Importantly, don’t forget that we know Republicans were engaging in all these techniques as well, with far better funding. Russians didn’t need to hack WI and NC given how much organized suppression of voters of color took place. Republican secretaries of state had the power to purge voters on trumped up excuses without engaging in any hacking.

Do not let the focus on Russian tampering distract from the far more effective Republican suppression.

Notice needs to be improved

Finally, the other big story about this is that some states only got notice they were targeted yesterday, some even after having partnered with DHS to assess their voting infrastructure.
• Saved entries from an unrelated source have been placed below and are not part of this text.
(* Let $m,n$ be positive integers, $\psi:[1,\infty)\to(0,\infty)$ non-increasing and continuous, and let $r=\mathcal D_{m,n}(\psi):[t_0,\infty)\to\mathbb R$. For $t\in\mathbb R$ let $f_t=\mathrm{diag}(e^{t/m},\dots,e^{t/m},e^{-t/n},\dots,e^{-t/n})\in SL_{m+n}(\mathbb R)$ ($m$ entries $e^{t/m}$, $n$ entries $e^{-t/n}$), and let $\Delta(\Lambda)=\max_{\mathbf v\in\Lambda\setminus\{0\}}\log(1/\|\mathbf v\|)$ for lattices $\Lambda\subset\mathbb R^{m+n}$. Then a unimodular lattice $\Lambda\subset\mathbb R^{m+n}$ is $(\psi,n)$-approximable if and only if there exist arbitrarily large $t>0$ with $\Delta(f_t\Lambda)\ge r(t)$. In particular, a matrix $A\in M_{m,n}(\mathbb R)$ is $\psi$-approximable if and only if there exist arbitrarily large $t>0$ with $\Delta(f_t\Lambda_A)\ge r(t)$.
   Context: $\|\cdot\|$ is the max norm. For $\mathbf v\in\mathbb R^{m+n}$, $\mathbf v^{(m)}$ = first $m$ coordinates, $\mathbf v_{(n)}$ = last $n$ coordinates. $\Lambda$ is $(\psi,n)$-approximable if there exist $\mathbf v\in\Lambda$ with $\|\mathbf v_{(n)}\|$ arbitrarily large and $\|\mathbf v^{(m)}\|^m\le\psi(\|\mathbf v_{(n)}\|^n)$. $A\in M_{m,n}(\mathbb R)$ is $\psi$-approximable if there are infinitely many $\mathbf q\in\mathbb Z^n$ with $\|A\mathbf q+\mathbf p\|^m\le\psi(\|\mathbf q\|^n)$ for some $\mathbf p\in\mathbb Z^m$. $\Lambda_A=\begin{pmatrix}I_m&A\\0&I_n\end{pmatrix}\mathbb Z^{m+n}$. $\mathcal D_{m,n}(\psi)$ is the unique continuous function $r:[t_0,\infty)\to\mathbb R$, with $t_0=-\frac n{m+n}\log\psi(1)$, such that $t\mapsto t-nr(t)$ is strictly increasing and tends to $\infty$, $t\mapsto t+mr(t)$ is nondecreasing, and $\psi(e^{t-nr(t)})=e^{-t-mr(t)}$ for all $t\ge t_0$. *)

theory Defs
  imports "HOL-Analysis.Analysis"
begin

text \<open>We model \<real>^(m+n) as real^('m + 'n), where m = CARD('m), n = CARD('n).
  Coordinates Inl i (i :: 'm) are the first m coordinates, Inr j (j :: 'n) the last n.\<close>

definition maxnorm :: "real ^ 'k \<Rightarrow> real" where
  "maxnorm v = Max (range (\<lambda>k. \<bar>v $ k\<bar>))"

definition upper_norm :: "real ^ ('m::finite + 'n::finite) \<Rightarrow> real" where
  "upper_norm v = Max (range (\<lambda>i::'m. \<bar>v $ Inl i\<bar>))"

definition lower_norm :: "real ^ ('m::finite + 'n::finite) \<Rightarrow> real" where
  "lower_norm v = Max (range (\<lambda>j::'n. \<bar>v $ Inr j\<bar>))"

definition int_vecs :: "(real ^ 'k) set" where
  "int_vecs = {z. \<forall>k. z $ k \<in> \<int>}"

definition unimodular_lattice :: "(real ^ 'k::finite) set \<Rightarrow> bool" where
  "unimodular_lattice L \<longleftrightarrow>
     (\<exists>g :: real ^ 'k ^ 'k. \<bar>det g\<bar> = 1 \<and> L = (\<lambda>z. g *v z) ` int_vecs)"

definition psi_n_approximable ::
  "(real \<Rightarrow> real) \<Rightarrow> (real ^ ('m::finite + 'n::finite)) set \<Rightarrow> bool" where
  "psi_n_approximable \<psi> L \<longleftrightarrow>
     (\<forall>R. \<exists>v\<in>L. lower_norm v > R \<and>
        (upper_norm v) ^ CARD('m) \<le> \<psi> ((lower_norm v) ^ CARD('n)))"

definition psi_approximable_matrix ::
  "(real \<Rightarrow> real) \<Rightarrow> real ^ 'n::finite ^ 'm::finite \<Rightarrow> bool" where
  "psi_approximable_matrix \<psi> A \<longleftrightarrow>
     infinite {q :: real ^ 'n. q \<in> int_vecs \<and>
        (\<exists>p :: real ^ 'm. p \<in> int_vecs \<and>
           (maxnorm (A *v q + p)) ^ CARD('m) \<le> \<psi> ((maxnorm q) ^ CARD('n)))}"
DHS has used classification, in part, to justify this silence, which is an issue the Intelligence Committees are trying to address in next year’s authorization. But that’s particularly hard to justify that many of these same states have run elections since.

Mind you, we’re likely to see this debate move to the next level — to demanding that state officials disclose full details about their state’s infrastructure to citizens.

In any case, if we’re to be able to use democratic pressure to ensure the infrastructure of democracy gets better protected, we’re going to need more notice.